Data excerpts:
Segment Open
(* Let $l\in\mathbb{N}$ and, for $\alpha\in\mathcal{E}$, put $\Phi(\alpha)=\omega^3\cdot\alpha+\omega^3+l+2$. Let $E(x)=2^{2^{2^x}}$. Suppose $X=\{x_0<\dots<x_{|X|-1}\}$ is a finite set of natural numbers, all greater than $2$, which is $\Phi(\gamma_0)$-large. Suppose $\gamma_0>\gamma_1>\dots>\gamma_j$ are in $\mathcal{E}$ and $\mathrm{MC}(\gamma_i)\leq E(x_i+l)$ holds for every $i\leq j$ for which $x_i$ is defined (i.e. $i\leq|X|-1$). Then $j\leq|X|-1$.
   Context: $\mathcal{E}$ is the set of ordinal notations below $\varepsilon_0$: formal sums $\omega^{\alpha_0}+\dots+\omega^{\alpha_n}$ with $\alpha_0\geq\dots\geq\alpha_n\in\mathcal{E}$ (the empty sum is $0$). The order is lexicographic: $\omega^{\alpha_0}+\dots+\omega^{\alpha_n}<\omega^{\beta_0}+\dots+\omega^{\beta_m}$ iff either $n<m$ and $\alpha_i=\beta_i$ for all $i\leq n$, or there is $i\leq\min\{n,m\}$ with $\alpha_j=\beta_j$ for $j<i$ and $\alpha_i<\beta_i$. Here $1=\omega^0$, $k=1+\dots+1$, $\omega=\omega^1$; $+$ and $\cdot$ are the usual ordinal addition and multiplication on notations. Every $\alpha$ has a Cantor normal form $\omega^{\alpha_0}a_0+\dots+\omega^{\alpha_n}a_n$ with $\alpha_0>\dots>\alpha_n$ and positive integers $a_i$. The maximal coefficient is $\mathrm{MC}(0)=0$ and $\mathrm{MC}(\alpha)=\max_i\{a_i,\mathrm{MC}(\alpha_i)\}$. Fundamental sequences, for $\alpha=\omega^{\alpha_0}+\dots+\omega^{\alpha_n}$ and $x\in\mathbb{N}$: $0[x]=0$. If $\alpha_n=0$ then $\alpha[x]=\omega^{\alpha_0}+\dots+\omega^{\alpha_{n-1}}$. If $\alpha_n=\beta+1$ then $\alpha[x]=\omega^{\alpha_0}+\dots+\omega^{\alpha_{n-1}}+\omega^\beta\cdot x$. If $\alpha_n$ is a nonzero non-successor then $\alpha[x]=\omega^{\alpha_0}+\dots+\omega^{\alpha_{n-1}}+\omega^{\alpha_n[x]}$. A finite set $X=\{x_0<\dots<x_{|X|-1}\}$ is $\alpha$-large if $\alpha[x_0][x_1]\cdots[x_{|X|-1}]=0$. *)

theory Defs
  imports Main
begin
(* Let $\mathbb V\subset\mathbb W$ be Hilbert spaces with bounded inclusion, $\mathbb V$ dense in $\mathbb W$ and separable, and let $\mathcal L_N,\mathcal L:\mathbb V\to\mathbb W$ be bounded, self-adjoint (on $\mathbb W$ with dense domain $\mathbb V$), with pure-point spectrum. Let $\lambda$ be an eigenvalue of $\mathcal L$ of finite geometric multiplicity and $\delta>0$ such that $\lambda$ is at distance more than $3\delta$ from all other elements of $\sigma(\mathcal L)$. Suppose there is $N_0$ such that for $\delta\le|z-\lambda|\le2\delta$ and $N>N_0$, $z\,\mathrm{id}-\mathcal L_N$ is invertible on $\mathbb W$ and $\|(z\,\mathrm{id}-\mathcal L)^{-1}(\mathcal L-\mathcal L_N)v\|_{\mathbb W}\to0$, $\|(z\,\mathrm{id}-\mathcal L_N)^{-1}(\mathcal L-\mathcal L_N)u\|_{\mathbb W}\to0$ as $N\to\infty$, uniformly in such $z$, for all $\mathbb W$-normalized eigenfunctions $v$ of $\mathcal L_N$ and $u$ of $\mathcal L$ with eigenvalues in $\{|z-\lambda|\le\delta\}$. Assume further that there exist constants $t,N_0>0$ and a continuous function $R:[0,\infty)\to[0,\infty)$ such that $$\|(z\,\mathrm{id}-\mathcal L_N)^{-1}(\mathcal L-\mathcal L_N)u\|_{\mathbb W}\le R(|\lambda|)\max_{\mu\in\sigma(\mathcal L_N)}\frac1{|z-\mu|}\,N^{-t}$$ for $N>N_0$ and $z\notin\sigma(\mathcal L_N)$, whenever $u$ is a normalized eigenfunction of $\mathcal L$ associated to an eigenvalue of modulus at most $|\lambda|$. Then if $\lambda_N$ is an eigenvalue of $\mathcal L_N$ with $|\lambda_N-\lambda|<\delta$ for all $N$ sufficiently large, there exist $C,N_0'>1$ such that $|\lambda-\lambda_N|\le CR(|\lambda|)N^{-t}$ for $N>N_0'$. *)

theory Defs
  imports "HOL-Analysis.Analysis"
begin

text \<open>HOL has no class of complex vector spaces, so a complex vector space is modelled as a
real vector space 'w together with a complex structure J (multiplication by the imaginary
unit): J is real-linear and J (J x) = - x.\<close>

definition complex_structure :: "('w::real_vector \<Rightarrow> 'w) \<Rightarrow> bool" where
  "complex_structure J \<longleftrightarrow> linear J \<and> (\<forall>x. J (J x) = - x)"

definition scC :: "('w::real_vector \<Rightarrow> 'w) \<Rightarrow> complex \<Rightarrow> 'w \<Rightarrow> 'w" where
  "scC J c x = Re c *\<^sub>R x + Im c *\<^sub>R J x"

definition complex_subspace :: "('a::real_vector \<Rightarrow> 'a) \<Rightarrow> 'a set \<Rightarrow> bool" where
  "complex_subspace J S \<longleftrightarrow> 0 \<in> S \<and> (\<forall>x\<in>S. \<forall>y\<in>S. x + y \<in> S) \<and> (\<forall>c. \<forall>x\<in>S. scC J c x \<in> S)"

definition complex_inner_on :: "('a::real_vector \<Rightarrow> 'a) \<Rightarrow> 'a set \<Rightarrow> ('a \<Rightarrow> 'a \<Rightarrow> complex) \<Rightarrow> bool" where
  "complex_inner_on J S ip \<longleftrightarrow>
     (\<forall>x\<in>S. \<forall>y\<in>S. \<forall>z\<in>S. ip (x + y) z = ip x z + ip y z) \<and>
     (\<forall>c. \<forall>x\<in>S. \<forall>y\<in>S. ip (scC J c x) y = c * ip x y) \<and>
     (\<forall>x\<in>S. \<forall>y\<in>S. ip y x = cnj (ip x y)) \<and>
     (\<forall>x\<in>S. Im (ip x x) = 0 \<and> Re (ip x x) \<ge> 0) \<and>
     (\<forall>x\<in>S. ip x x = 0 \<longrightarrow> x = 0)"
Segment Closed
Above are some records; copy exactly the lines from the one with "text \<open>HOL has" through the one with "unit): J is", both included, and no others.

§ Result:
text \<open>HOL has no class of complex vector spaces, so a complex vector space is modelled as a
real vector space 'w together with a complex structure J (multiplication by the imaginary
unit): J is real-linear and J (J x) = - x.\<close>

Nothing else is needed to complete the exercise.